Rangie? What is a "full lug"? The area underneath the barrel?

If/when I do get a revolver it'll be my first, so I'm still learning about these.

Thanks
Link Posted: 8/1/2004 5:18:17 PM EDT
Here's the same gun with the full lug-


It's just dead weight. Leaving the lug saves the manufacturer some machining and some people like it for recoil controll or looks. Same goes for un-fluted cylinders.

Another big plus for the Ruger over the Taurus is the absence of the Porting. Like a .357Mag isn't loud enough !
Link Posted: 8/1/2004 7:52:54 PM EDT
I've got a 6" M66 & it seems alright so far.  Not as nice as the S&W but it works.    
Wolff & others make spring kits to lighten the trigger pull.
Link Posted: 8/1/2004 9:17:59 PM EDT
I just bought a 617SS Taurus .357  that i carry from time to time. Its a really nice weapon. personaly i think its very underpriced. the 2" barrel makes alot of noise but it has been utterly reliable. i also own a Colt King Cobra and an Annaconda. i Like my Sigs for auto's however
Link Posted: 8/2/2004 2:54:15 AM EDT

Originally Posted By RiffRandall:
Wolff & others make spring kits to lighten the trigger pull.



How experienced in "gun smithing" do you have to be to be able to pull off a "spring job"? Probably better in the hands of a professional than to take chances of messing it up and posibly creating a safety hazard?

Thanks for the info guys. Especially on the Ruger. I'll have to read more about it. Whenever I think Ruger revolvers I always picture my fathers "old west" style guns and forget they might actually make something a little more modern.
Link Posted: 8/2/2004 3:22:48 AM EDT


How experienced in "gun smithing" do you have to be to be able to pull off a "spring job"? Probably better in the hands of a professional than to take chances of messing it up and posibly creating a safety hazard?



The mainspring is a piece of cake. The trigger return is no harder than building an AR-15 lower.
Link Posted: 8/2/2004 3:47:01 AM EDT

Originally Posted By Rangie:
The mainspring is a piece of cake. The trigger return is no harder than building an AR-15 lower.

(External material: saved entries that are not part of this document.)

(* Let $$L=\widehat{\operatorname{Sym}_L}+a_{20}D_x^2+a_{11}D_xD_y+a_{02}D_y^2+a_{10}D_x+a_{01}D_y+a_{00},$$ with all $a_{ij}\in K$. (1) If $\operatorname{Sym}_L=XY(X+Y)$, so $\widehat{\operatorname{Sym}_L}=D_x^2D_y+D_xD_y^2$, then $$\Big(a_{02}^2-a_{11}a_{02}+a_{01}+\partial_x(a_{02}-a_{11})\Big)D_y+a_{00}-a_{02}a_{10}+a_{02}^2a_{20}+2a_{02}\partial_x(a_{20})-\partial_x(a_{10})+a_{20}\partial_x(a_{02})+\partial_x^2(a_{20})$$ is a common obstacle to factorization of $L$ of type $(X)(YX+YY)$. (2) If $\operatorname{Sym}_L=X^2Y$, so $\widehat{\operatorname{Sym}_L}=D_x^2D_y$, then $$\Big(a_{10}-a_{20}a_{11}-\partial_y(a_{11})\Big)D_x+a_{00}-a_{20}a_{01}+a_{20}^2a_{02}+2a_{20}\partial_y(a_{02})-\partial_y(a_{01})+a_{02}\partial_y(a_{20})+\partial_y^2(a_{02})$$ is a common obstacle to factorization of $L$ of type $(Y)(XX)$.
   Context: $K$ is a field with two commuting derivations $\partial_x,\partial_y$, and $K[D_x,D_y]$ is the ring of linear differential operators over $K$: $D_xD_y=D_yD_x$, $D_x\circ f=fD_x+\partial_x(f)$ and $D_y\circ f=fD_y+\partial_y(f)$ for $f\in K$. For an operator $M=\sum m_{ij}D_x^iD_y^j$, $\operatorname{ord}(M)$ is the largest $i+j$ with $m_{ij}\ne0$ ($\operatorname{ord}(0)=-\infty$), and the symbol is $\operatorname{Sym}_M=\sum_{i+j=\operatorname{ord}M}m_{ij}X^iY^j$. For a homogeneous polynomial $S=\sum s_{ij}X^iY^j$, $\widehat S=\sum s_{ij}D_x^iD_y^j$. A factorization of type $(S_1)(S_2)$ of $M$ is $M=F_1\circ F_2$ with $\operatorname{Sym}_{F_i}=S_i$. A common obstacle to factorization of $L$ of type $(S_1)(S_2)$ is an operator $R$ such that $L-R$ has a factorization of that type and $R$ has minimal possible order among such operators. *)

theory Defs
  imports Complex_Main "HOL-Library.Poly_Mapping" "HOL-Library.Extended_Real"
begin

definition diff_field :: "('a::field \<Rightarrow> 'a) \<Rightarrow> ('a \<Rightarrow> 'a) \<Rightarrow> bool" where
  "diff_field dx dy \<longleftrightarrow>
     (\<forall>a b. dx (a + b) = dx a + dx b \<and> dx (a * b) = dx a * b + a * dx b
          \<and> dy (a + b) = dy a + dy b \<and> dy (a * b) = dy a * b + a * dy b
          \<and> dx (dy a) = dy (dx a))"

text \<open>Operators sum m_ij D_x^i D_y^j (and homogeneous polynomials sum s_ij X^i Y^j)
  are represented by their finitely supported coefficient maps (i,j) to m_ij.\<close>
type_synonym 'a dop = "(nat \<times> nat) \<Rightarrow>\<^sub>0 'a"

text \<open>The hat map S to S-hat: replace X^i Y^j by D_x^i D_y^j (identity on coefficient maps).\<close>
definition hat :: "'a::zero dop \<Rightarrow> 'a dop" where
  "hat S = S"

Good to know... I'm looking forward to installing the trigger group in an AR when I get around to building one from the "scratch". To me that is a milestone for a gun lover...
Link Posted: 8/2/2004 10:10:40 AM EDT

Originally Posted By Rangie:
Here's the same gun with the full lug-
www.ruger.com/Firearms/images/Products/53H.gif

It's just dead weight. Leaving the lug saves the manufacturer some machining and some people like it for recoil controll or looks. Same goes for un-fluted cylinders.

Another big plus for the Ruger over the Taurus is the absence of the Porting. Like a .357Mag isn't loud enough !

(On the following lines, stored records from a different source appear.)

lemma ex_lead_mono:
  assumes "\<forall>i\<in>{1..k}. 0 < a i" "f \<in> mps n" "f m1 \<noteq> 0"
  obtains u where "lead_mono k a f u"
proof -
  obtain m where m: "f m \<noteq> 0" "\<forall>m'. f m' \<noteq> 0 \<longrightarrow> mono_weight k a m \<le> mono_weight k a m'"
    using assms(1,3) by (rule ex_min_mono_weight)
  define S where "S = {m'. f m' \<noteq> 0 \<and> mono_weight k a m' = mono_weight k a m}"
  have "m \<in> S"
    using m(1) by (simp add: S_def)
  moreover have "\<forall>v\<in>S. \<forall>i\<ge>Suc n. v i = 0"
    using assms(2) by (auto simp: S_def mps_def mono_exps_def)
  ultimately obtain u where u: "u \<in> S" "\<forall>v\<in>S. u = v \<or> less_fun u v"
    by (rule ex_less_fun_least)
  have "mono_le k a u m'" if "f m' \<noteq> 0" for m'
  proof (cases "mono_weight k a m' = mono_weight k a m")
    case True
    then show ?thesis
      using u that by (auto simp: S_def mono_le_def mono_less_def)
  next
    case False
    then show ?thesis
      using u(1) m(2) that by (auto simp: S_def mono_le_def mono_less_def order_less_le)
  qed
  then have "lead_mono k a f u"
    using u(1) by (simp add: lead_mono_def S_def)
  then show thesis
    by (rule that)
qed

lemma mps_weight_ge_of_pow:
  assumes "\<forall>i\<in>{1..k}. 0 < a i" "f \<in> mps n" "0 < e"
    and "mps_pow f e \<in> mps_weight_ge n k a (of_nat e * c)"
  shows "f \<in> mps_weight_ge n k a c"
proof -
  have "c \<le> mono_weight k a m" if nz: "f m \<noteq> 0" for m
  proof -
    obtain u where u: "lead_mono k a f u"
      using assms(1,2) nz by (rule ex_lead_mono)
    then have "mps_pow f e (\<lambda>i. e * u i) \<noteq> 0"
      using lead_mono_pow[OF assms(2) u] by (simp add: lead_mono_def)
    then have "of_nat e * c \<le> of_nat e * mono_weight k a u"
      using assms(4) by (auto simp: mps_weight_ge_def mono_weight_mult)
    then have "c \<le> mono_weight k a u"
      using assms(3) by simp
    also have "\<dots> \<le> mono_weight k a m"
      using u nz by (auto simp: lead_mono_def intro: mono_le_imp_weight_le)
    finally show ?thesis .
  qed
  then show ?thesis
    using assms(2) by (simp add: mps_weight_ge_def)
qed

theorem lemma5p6:
  fixes I :: "((nat \<Rightarrow> nat) \<Rightarrow> 'K::field_char_0) set"
    and n k a1 :: nat and a :: "nat \<Rightarrow> rat"
  assumes "1 \<le> k" and "k \<le> n"
    and "is_mps_ideal n I"
    and "\<forall>i\<in>{1..k}. 0 < a i"
    and "\<forall>i j. 1 \<le> i \<and> i \<le> j \<and> j \<le> k \<longrightarrow> a i \<le> a j"
    and "1 \<le> a1" and "a 1 = of_nat a1"
  shows "admissible k a I \<longleftrightarrow>
         admissible k (\<lambda>i. a i * of_nat (fact (a1 - 1))) (coeff_ideal n I a1)"
proof -
  define N :: nat where "N = fact (a1 - 1)"
  have N_pos: "(0 :: rat) < of_nat N"
    by (simp add: N_def)
  have min: "\<forall>j\<in>{1..k}. a 1 \<le> a j"
    using assms(5) by simp
  have I_mps: "I \<subseteq> mps n"
    using assms(3) by (simp add: is_mps_ideal_def)
  show ?thesis
    unfolding N_def[symmetric] admissible_scaled_iff_weight[OF N_pos]
  proof
    assume "admissible k a I"
    then have "I \<subseteq> mps_weight_ge n k a 1"
      using I_mps by (auto simp: admissible_iff_weight mps_weight_ge_def)
    then have "coeff_ideal n I a1 \<subseteq> mps_weight_ge n k a (of_nat N)"
      unfolding N_def using assms(6,7) min by (intro coeff_ideal_weight_ge) auto
    then show "\<forall>g\<in>coeff_ideal n I a1. \<forall>m. g m \<noteq> 0 \<longrightarrow> of_nat N \<le> mono_weight k a m"
      by (auto simp: mps_weight_ge_def)
  next
    assume C: "\<forall>g\<in>coeff_ideal n I a1. \<forall>m. g m \<noteq> 0 \<longrightarrow> of_nat N \<le> mono_weight k a m"
    have "f \<in> mps_weight_ge n k a 1" if "f \<in> I" for f
    proof (rule mps_weight_ge_of_pow[OF assms(4)])
      show "f \<in> mps n" "0 < N"
        using that I_mps by (auto simp: N_def)
      have "mps_pow f N \<in> coeff_ideal n I a1"
        unfolding N_def using that I_mps assms(6) by (intro mps_pow_fact_mem_coeff_ideal) auto
      then show "mps_pow f N \<in> mps_weight_ge n k a (of_nat N * 1)"
        using C mps_pow_closed[OF \<open>f \<in> mps n\<close>] by (simp add: mps_weight_ge_def)
    qed
    then show "admissible k a I"
      by (auto simp: admissible_iff_weight mps_weight_ge_def)
  qed
qed

end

What purpose does the porting serve... same principle as a compensator reduces the rise in the muzzle rise?

The full lug just look cool to me.
Link Posted: 8/2/2004 11:27:06 PM EDT
Most revolvers being manufactured today are junk....My opinion based on what I see in the Industry. Most manufacturers are spending less and less time on the fitting and finishing of the wheel guns, they are installing keyed locking systems, thumb operated safeties and cranking them out and have poor quality control. (This can be said for many products these days.)

If you want to hear the heartache and headache on Taurus Revolvers go to Graybeard Outdoors Forum...it won't take you long to understand what I am trying to relate.

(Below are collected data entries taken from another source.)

lemma eigenvalue_mmat_alternating:
  assumes "3 \<le> n" "even n"
  shows "eigenvalue (mmat n a b c) (c - 2 * a)"
  by (rule eigenvalueI[OF mmat_carrier alternating_vec_carrier alternating_vec_nonzero
        mmat_alternating_vec_eigen[OF assms]]) (use assms(1) in simp)

lemma sq_norm_pos:
  fixes v :: "real vec"
  assumes "v \<in> carrier_vec (n+1)" "v \<noteq> 0\<^sub>v (n+1)"
  shows "0 < (v $ 0)\<^sup>2 + (\<Sum>j<n. (v $ Suc j)\<^sup>2)"
proof -
  obtain i where i: "i < n + 1" "v $ i \<noteq> 0"
    using assms by (metis eq_vecI carrier_vecD index_zero_vec)
  have "0 < (\<Sum>i<n+1. (v $ i)\<^sup>2)"
    by (rule sum_pos2[of _ i]) (use i in auto)
  also have "(\<Sum>i<n+1. (v $ i)\<^sup>2) = (v $ 0)\<^sup>2 + (\<Sum>j<n. (v $ Suc j)\<^sup>2)"
    unfolding Suc_eq_plus1[symmetric] by (rule sum.lessThan_Suc_shift)
  finally show ?thesis .
qed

If I was to purchase a revolver it would be one that pre-dates the AK Smith & Wesson Series. (AK=Ass-Kissing...that Smith & Wesson did by complying with our opposition) Bitter? Yes. The earlier models had beautiful finishes and smooth triggers. The last Smith & Wesson I will buy for a customer had a trigger that resembled the feel you get from a 2 dollar cap gun (not a joke) and the cylinder locked up during rapid fire.

So save yourself some grief...purchase an older S&W or Colt have it checked out and tuned up by a gunsmith and enjoy the hell out of it because it could be awhile before you see a new high quality DA revolver in your local gunshop.

MT's 2 cents and here is some extra change for the bus. Your first idea (45ACP) is the best .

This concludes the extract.